§ **Stored items**:
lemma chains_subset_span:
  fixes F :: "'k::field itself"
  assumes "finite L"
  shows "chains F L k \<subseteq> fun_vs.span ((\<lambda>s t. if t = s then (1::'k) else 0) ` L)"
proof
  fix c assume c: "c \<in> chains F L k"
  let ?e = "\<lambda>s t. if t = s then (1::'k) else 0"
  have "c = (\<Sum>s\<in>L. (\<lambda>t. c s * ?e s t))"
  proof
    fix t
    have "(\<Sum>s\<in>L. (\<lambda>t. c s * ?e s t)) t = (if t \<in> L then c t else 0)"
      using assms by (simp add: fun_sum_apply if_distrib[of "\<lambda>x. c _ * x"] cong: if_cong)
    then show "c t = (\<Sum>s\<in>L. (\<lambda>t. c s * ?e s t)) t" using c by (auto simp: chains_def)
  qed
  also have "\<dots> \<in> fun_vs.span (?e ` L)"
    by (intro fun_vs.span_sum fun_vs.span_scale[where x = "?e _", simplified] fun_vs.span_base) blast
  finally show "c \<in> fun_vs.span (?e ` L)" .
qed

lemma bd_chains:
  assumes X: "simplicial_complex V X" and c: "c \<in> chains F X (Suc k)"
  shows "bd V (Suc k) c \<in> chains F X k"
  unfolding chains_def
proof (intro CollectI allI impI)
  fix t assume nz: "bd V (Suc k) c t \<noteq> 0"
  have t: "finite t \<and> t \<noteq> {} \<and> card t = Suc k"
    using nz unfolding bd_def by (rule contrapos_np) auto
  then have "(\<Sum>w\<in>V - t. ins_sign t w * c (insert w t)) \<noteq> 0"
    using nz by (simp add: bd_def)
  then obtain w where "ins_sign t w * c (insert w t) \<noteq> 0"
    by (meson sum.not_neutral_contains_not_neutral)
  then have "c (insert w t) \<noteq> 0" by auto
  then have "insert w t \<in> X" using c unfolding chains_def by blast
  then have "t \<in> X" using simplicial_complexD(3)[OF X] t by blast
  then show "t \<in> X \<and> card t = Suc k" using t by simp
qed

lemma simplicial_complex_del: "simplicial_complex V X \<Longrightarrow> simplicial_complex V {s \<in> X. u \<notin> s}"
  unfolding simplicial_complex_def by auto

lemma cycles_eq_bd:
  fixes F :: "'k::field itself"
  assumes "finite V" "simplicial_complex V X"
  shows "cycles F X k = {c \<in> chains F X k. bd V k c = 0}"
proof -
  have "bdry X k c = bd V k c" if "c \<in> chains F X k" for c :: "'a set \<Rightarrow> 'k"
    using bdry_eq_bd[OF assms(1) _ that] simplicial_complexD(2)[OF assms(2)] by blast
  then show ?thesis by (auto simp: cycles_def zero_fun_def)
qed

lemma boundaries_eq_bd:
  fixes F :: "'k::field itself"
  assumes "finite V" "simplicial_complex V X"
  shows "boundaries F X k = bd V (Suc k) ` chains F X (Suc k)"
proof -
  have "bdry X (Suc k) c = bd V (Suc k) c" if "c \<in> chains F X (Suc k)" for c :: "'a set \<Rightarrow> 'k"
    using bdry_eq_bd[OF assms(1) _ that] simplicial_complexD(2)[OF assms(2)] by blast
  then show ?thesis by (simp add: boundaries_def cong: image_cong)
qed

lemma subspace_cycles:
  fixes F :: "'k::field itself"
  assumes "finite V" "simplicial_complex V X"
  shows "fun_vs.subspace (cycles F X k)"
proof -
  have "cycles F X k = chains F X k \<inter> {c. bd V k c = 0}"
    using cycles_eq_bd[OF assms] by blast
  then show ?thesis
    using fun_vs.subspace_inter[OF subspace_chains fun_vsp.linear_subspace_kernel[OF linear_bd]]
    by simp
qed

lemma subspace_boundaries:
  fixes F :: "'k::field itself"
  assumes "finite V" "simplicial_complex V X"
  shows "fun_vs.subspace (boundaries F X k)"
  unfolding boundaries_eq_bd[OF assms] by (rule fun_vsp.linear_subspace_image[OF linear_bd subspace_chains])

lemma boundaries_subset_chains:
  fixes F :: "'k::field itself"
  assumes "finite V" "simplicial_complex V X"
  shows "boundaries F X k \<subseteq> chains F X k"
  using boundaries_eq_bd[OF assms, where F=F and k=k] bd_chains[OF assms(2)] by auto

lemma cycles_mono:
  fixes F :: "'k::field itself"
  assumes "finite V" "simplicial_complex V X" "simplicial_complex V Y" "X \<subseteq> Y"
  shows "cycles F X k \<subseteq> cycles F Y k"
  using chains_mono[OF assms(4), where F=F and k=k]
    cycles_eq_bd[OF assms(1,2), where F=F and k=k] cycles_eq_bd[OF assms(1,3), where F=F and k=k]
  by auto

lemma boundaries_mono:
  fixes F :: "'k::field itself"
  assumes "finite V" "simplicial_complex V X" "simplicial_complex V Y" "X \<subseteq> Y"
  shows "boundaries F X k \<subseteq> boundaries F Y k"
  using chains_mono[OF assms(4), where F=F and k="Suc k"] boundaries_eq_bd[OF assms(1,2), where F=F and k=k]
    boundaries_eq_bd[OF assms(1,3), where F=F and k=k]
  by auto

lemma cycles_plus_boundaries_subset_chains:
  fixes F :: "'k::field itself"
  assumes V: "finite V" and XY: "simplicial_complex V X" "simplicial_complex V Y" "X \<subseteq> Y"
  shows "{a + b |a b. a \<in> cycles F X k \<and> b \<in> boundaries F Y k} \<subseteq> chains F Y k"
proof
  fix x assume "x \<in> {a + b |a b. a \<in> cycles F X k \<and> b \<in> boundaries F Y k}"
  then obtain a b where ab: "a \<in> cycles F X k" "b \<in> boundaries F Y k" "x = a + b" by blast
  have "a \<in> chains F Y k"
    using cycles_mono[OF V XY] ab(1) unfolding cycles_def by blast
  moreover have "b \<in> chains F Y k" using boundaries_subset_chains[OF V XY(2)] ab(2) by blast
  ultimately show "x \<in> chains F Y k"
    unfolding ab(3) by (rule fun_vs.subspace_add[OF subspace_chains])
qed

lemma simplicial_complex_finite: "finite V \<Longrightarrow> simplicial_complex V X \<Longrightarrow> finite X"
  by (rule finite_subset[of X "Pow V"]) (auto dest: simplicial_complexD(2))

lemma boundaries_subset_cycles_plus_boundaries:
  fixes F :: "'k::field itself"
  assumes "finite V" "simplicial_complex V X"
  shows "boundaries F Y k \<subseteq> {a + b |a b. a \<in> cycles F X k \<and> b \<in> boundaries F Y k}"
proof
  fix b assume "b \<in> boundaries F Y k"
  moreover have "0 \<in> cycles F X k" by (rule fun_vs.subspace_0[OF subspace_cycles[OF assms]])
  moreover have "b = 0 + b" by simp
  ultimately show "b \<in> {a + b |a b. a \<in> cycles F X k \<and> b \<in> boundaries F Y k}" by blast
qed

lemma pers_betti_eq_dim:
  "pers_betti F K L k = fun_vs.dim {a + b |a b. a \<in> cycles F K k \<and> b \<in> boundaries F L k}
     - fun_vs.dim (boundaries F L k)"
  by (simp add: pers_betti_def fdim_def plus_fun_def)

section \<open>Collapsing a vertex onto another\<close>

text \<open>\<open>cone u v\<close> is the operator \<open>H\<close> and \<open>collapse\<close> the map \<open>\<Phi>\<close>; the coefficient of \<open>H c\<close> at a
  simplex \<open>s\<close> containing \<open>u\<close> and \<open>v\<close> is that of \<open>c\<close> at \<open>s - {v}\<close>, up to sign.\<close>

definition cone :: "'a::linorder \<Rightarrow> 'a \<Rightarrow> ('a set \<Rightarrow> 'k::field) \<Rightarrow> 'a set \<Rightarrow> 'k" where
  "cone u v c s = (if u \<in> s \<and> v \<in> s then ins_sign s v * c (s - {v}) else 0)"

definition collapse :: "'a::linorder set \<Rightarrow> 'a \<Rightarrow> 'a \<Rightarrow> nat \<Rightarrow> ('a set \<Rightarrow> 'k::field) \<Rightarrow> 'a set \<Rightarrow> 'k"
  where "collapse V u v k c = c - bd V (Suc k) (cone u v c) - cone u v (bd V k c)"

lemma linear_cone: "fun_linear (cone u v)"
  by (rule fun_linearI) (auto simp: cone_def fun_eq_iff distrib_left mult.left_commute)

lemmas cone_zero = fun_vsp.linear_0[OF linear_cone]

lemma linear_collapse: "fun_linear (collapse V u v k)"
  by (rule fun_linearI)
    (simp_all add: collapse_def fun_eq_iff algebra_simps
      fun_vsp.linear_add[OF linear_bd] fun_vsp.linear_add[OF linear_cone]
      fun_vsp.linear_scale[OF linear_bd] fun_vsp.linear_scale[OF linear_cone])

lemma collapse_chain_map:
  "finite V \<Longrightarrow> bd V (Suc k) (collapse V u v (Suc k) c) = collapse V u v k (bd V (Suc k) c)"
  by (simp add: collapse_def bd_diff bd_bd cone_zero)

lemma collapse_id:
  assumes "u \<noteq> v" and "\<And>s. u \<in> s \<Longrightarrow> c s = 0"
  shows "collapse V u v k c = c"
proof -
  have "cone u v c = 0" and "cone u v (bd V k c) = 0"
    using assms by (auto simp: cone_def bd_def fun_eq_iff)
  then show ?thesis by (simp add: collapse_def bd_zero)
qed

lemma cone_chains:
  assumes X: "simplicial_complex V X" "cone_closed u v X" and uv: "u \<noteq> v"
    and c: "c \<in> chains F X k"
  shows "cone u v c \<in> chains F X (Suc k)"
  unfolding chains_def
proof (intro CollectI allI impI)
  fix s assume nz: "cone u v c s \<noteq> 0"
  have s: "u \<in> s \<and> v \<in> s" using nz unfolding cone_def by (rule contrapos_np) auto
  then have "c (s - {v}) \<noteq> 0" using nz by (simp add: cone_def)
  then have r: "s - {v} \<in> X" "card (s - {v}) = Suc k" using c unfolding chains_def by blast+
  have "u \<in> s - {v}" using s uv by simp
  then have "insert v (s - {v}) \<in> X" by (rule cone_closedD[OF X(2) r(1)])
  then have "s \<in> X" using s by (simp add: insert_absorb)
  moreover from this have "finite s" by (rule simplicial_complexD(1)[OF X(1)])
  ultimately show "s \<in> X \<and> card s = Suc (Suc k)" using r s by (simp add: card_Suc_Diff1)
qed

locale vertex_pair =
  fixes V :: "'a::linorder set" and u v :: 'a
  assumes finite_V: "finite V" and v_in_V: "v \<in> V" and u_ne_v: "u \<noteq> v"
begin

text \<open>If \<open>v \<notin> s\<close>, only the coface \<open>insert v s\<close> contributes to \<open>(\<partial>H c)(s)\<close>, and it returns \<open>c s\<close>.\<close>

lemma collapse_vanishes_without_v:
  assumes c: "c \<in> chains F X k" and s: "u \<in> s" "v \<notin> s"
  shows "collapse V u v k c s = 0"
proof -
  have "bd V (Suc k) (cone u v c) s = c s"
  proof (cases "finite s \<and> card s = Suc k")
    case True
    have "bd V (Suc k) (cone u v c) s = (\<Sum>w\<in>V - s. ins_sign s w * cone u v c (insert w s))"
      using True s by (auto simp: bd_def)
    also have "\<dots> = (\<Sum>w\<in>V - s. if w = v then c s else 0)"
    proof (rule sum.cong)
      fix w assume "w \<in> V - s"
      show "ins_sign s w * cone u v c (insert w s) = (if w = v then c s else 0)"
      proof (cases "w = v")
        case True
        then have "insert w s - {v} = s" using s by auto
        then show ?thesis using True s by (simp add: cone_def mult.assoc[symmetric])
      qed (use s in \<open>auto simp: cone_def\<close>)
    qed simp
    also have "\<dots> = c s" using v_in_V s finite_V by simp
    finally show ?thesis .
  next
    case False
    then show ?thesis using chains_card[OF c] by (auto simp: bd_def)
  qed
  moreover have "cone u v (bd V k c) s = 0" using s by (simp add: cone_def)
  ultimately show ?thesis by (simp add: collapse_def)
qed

§ **TASK OBJECTIVE**: Restate, word for word and with nothing added, the lines from the beginning of the records above through the line that contains "using assms by (simp".

§ **RESPONSE FOR THIS EXERCISE**:
lemma chains_subset_span:
  fixes F :: "'k::field itself"
  assumes "finite L"
  shows "chains F L k \<subseteq> fun_vs.span ((\<lambda>s t. if t = s then (1::'k) else 0) ` L)"
proof
  fix c assume c: "c \<in> chains F L k"
  let ?e = "\<lambda>s t. if t = s then (1::'k) else 0"
  have "c = (\<Sum>s\<in>L. (\<lambda>t. c s * ?e s t))"
  proof
    fix t
    have "(\<Sum>s\<in>L. (\<lambda>t. c s * ?e s t)) t = (if t \<in> L then c t else 0)"
      using assms by (simp add: fun_sum_apply if_distrib[of "\<lambda>x. c _ * x"] cong: if_cong)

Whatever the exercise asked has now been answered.